# TASK ITEM:
If a line in the data contains "bmatrix", copy it out.

(Collection entries)
————
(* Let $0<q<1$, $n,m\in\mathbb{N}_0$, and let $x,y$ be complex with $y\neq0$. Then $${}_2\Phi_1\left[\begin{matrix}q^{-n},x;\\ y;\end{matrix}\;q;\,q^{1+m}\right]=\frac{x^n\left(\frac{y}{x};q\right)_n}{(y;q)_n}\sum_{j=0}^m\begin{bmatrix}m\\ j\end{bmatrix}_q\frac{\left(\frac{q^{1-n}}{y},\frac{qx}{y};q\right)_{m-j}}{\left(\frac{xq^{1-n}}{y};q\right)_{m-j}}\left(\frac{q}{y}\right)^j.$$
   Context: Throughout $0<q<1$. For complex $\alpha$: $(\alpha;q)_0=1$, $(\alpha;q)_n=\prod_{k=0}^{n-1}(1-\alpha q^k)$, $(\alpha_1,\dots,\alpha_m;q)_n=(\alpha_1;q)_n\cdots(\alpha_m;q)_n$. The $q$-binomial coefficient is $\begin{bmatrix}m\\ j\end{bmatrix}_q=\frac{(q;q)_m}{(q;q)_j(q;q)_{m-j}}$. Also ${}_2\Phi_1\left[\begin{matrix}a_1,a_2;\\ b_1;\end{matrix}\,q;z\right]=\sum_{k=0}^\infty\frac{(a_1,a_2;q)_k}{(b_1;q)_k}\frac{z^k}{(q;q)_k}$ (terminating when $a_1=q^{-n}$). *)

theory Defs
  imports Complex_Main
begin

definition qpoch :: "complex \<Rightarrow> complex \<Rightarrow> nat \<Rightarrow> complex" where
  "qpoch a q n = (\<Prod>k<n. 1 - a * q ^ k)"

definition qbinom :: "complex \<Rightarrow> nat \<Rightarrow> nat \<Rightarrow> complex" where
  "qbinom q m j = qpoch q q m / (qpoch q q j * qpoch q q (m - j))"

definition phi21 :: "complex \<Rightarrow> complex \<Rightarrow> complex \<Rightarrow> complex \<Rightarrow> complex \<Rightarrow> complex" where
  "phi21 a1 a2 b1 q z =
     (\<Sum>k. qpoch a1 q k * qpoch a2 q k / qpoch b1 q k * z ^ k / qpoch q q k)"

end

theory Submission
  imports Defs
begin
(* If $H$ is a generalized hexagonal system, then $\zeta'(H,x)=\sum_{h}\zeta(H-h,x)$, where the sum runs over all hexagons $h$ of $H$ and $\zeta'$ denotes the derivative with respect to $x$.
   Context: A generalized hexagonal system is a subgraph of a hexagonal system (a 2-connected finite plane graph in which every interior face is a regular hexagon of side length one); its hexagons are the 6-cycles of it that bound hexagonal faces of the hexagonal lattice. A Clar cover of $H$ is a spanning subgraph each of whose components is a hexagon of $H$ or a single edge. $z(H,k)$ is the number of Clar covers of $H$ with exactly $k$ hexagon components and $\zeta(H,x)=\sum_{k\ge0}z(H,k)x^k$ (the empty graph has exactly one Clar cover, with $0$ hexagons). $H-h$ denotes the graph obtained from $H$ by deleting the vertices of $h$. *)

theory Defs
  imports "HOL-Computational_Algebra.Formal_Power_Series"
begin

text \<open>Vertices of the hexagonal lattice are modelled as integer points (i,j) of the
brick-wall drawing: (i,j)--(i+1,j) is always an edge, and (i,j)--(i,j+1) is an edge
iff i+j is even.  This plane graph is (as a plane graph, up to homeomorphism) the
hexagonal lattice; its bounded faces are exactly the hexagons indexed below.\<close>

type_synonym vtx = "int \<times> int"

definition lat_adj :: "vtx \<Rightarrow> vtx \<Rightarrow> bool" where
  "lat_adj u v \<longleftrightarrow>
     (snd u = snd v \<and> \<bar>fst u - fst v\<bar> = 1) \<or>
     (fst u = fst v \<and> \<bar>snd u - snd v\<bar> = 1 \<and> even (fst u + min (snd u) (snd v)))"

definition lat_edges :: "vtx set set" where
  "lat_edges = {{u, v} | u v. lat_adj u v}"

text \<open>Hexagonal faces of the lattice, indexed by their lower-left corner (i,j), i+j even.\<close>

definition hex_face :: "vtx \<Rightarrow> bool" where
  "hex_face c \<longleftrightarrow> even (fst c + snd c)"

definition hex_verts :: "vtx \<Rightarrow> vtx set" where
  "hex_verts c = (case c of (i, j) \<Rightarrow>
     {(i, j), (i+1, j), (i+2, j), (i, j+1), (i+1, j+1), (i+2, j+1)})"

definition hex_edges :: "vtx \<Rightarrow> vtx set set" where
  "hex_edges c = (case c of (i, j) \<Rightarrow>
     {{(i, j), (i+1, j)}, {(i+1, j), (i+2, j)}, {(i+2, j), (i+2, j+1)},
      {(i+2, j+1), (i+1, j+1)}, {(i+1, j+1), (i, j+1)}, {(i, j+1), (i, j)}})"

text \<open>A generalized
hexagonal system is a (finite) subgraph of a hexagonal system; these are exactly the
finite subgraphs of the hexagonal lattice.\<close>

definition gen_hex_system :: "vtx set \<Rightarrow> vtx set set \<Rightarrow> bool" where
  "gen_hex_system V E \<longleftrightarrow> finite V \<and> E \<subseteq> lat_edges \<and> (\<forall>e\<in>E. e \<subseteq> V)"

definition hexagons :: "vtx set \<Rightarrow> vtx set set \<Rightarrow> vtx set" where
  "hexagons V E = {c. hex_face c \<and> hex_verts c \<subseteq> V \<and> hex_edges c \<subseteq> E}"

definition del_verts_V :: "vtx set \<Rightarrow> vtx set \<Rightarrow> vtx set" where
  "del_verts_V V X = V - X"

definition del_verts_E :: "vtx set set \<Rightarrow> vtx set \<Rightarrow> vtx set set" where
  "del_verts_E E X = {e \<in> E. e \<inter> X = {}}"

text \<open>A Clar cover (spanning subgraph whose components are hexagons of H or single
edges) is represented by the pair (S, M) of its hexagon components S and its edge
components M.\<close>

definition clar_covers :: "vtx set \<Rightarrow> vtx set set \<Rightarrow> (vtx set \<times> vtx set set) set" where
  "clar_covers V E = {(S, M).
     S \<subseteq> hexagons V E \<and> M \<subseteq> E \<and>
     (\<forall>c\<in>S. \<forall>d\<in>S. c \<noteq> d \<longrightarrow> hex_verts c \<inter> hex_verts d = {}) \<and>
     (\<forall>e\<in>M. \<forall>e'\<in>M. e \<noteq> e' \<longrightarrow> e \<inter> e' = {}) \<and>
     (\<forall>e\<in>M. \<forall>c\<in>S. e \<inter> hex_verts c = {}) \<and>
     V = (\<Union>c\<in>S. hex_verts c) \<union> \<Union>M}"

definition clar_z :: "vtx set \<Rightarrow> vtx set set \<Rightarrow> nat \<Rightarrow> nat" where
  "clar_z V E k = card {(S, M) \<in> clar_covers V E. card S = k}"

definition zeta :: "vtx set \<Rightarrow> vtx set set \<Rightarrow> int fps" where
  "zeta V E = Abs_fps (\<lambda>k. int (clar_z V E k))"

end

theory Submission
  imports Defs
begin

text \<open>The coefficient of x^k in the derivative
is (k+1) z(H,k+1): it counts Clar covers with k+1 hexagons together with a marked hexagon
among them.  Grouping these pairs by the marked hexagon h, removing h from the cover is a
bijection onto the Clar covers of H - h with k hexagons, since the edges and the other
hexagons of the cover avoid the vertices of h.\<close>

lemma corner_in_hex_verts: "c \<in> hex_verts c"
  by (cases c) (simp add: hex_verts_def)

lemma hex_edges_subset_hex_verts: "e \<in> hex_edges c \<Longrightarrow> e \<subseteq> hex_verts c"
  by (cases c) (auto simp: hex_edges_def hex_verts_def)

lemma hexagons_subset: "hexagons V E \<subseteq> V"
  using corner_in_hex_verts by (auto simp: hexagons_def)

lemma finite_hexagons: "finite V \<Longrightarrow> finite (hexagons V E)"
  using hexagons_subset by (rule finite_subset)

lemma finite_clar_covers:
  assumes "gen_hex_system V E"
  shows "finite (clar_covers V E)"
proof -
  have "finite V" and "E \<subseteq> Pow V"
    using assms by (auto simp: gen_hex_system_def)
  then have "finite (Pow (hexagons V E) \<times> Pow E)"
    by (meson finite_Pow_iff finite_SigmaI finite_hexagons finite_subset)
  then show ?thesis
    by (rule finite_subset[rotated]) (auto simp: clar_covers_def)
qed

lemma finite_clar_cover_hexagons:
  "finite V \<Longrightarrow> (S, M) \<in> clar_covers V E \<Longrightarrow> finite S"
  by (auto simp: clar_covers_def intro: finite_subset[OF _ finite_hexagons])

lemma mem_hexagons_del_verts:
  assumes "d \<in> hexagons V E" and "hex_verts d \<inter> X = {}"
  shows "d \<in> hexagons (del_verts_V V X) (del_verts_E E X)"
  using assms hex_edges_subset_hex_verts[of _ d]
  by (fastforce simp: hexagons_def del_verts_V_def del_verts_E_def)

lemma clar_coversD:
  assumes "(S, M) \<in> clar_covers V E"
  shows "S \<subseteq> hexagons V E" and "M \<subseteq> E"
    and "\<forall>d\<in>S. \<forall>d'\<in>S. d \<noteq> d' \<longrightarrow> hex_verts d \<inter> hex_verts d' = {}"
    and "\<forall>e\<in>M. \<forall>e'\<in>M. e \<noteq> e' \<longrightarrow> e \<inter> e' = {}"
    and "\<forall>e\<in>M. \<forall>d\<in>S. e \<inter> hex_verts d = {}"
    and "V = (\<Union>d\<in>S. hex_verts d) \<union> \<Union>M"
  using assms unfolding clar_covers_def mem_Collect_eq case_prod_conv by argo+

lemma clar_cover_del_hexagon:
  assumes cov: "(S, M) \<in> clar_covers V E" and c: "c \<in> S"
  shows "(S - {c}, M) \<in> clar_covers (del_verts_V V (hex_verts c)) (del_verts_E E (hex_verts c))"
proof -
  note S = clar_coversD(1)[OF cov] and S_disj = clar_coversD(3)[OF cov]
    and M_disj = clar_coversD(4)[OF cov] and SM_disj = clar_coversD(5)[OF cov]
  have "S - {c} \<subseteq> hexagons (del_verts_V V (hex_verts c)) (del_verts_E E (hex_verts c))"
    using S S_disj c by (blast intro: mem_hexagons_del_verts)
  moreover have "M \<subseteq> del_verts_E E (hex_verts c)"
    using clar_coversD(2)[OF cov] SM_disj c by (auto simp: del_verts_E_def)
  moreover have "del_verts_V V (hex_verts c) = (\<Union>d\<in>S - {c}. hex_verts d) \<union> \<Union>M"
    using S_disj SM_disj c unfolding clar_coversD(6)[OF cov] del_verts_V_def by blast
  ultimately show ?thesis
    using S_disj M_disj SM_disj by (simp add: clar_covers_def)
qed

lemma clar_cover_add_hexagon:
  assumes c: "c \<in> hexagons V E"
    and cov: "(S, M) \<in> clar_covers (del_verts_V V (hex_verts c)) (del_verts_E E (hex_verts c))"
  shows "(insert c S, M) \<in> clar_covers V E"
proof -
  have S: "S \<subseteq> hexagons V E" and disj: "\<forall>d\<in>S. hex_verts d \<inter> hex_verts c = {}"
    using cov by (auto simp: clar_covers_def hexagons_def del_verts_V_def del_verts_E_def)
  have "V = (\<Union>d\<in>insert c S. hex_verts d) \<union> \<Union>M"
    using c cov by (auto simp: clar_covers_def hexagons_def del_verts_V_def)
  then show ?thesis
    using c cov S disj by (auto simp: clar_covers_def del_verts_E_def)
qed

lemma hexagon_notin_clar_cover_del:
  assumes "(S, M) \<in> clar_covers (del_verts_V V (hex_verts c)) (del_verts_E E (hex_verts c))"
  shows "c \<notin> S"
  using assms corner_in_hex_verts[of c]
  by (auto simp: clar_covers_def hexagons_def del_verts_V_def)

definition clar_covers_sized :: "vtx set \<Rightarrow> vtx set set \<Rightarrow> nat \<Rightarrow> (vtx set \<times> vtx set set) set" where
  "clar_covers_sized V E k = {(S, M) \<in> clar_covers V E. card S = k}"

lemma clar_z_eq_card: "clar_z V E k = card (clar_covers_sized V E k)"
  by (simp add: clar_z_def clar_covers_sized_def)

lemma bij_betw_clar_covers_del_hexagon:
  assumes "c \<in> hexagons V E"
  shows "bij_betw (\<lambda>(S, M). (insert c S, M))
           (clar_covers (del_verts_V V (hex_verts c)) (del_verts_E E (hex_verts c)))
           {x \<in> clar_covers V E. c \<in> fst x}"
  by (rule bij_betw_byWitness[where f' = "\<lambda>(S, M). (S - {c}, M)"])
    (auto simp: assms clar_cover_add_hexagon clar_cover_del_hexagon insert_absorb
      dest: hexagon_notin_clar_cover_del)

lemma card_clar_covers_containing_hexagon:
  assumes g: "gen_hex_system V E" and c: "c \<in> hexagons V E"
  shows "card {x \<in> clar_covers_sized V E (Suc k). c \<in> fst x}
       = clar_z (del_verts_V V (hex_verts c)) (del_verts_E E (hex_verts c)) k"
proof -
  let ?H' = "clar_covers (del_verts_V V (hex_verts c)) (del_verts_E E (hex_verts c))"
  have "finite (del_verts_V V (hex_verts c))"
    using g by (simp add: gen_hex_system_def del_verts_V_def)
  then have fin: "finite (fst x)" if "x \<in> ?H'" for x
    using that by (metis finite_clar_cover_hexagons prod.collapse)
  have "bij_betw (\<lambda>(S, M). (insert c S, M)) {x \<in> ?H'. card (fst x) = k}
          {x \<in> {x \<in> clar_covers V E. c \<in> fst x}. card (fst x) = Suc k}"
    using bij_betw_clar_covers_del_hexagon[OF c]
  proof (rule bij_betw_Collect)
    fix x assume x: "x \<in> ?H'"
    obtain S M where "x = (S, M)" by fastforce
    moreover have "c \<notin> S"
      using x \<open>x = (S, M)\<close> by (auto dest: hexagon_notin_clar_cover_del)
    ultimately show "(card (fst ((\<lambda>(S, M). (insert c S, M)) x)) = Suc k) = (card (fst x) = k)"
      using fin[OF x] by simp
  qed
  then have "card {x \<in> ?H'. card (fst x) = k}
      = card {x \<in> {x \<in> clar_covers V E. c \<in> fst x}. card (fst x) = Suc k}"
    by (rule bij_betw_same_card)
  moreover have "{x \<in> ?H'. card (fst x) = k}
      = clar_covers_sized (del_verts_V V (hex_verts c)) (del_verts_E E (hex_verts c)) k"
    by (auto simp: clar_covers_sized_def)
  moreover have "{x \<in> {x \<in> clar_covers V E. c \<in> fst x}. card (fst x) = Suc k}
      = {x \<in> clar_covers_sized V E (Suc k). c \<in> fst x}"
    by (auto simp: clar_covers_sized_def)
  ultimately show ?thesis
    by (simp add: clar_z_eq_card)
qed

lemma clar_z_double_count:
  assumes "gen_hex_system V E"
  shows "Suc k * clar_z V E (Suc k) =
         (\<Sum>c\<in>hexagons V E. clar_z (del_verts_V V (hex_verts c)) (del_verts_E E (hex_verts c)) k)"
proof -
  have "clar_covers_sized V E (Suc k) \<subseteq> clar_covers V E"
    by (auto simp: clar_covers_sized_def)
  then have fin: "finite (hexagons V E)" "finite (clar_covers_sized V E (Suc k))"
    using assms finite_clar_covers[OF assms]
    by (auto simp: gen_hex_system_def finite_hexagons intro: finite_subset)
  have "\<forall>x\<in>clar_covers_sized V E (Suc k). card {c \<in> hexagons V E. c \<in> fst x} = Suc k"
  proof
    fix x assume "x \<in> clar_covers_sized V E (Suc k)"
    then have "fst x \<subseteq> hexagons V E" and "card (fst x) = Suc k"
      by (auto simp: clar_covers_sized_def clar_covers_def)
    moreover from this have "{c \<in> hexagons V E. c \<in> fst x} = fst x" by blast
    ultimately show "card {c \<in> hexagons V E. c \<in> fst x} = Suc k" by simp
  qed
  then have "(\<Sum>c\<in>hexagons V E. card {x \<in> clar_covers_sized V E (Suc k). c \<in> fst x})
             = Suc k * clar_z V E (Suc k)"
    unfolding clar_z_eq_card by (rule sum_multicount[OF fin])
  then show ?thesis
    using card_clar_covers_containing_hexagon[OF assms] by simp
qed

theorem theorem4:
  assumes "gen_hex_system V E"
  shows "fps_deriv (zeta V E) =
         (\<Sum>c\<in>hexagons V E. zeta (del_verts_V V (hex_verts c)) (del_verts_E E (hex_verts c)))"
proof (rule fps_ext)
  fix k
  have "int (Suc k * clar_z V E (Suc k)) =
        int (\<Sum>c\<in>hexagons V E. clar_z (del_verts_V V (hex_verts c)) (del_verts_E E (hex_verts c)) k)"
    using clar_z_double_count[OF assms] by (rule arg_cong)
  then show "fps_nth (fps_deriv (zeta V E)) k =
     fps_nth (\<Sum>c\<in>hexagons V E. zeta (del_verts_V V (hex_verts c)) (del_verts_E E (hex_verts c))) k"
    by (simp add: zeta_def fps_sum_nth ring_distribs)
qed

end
————
# FINISHED EXERCISE:
(* Let $0<q<1$, $n,m\in\mathbb{N}_0$, and let $x,y$ be complex with $y\neq0$. Then $${}_2\Phi_1\left[\begin{matrix}q^{-n},x;\\ y;\end{matrix}\;q;\,q^{1+m}\right]=\frac{x^n\left(\frac{y}{x};q\right)_n}{(y;q)_n}\sum_{j=0}^m\begin{bmatrix}m\\ j\end{bmatrix}_q\frac{\left(\frac{q^{1-n}}{y},\frac{qx}{y};q\right)_{m-j}}{\left(\frac{xq^{1-n}}{y};q\right)_{m-j}}\left(\frac{q}{y}\right)^j.$$
   Context: Throughout $0<q<1$. For complex $\alpha$: $(\alpha;q)_0=1$, $(\alpha;q)_n=\prod_{k=0}^{n-1}(1-\alpha q^k)$, $(\alpha_1,\dots,\alpha_m;q)_n=(\alpha_1;q)_n\cdots(\alpha_m;q)_n$. The $q$-binomial coefficient is $\begin{bmatrix}m\\ j\end{bmatrix}_q=\frac{(q;q)_m}{(q;q)_j(q;q)_{m-j}}$. Also ${}_2\Phi_1\left[\begin{matrix}a_1,a_2;\\ b_1;\end{matrix}\,q;z\right]=\sum_{k=0}^\infty\frac{(a_1,a_2;q)_k}{(b_1;q)_k}\frac{z^k}{(q;q)_k}$ (terminating when $a_1=q^{-n}$). *)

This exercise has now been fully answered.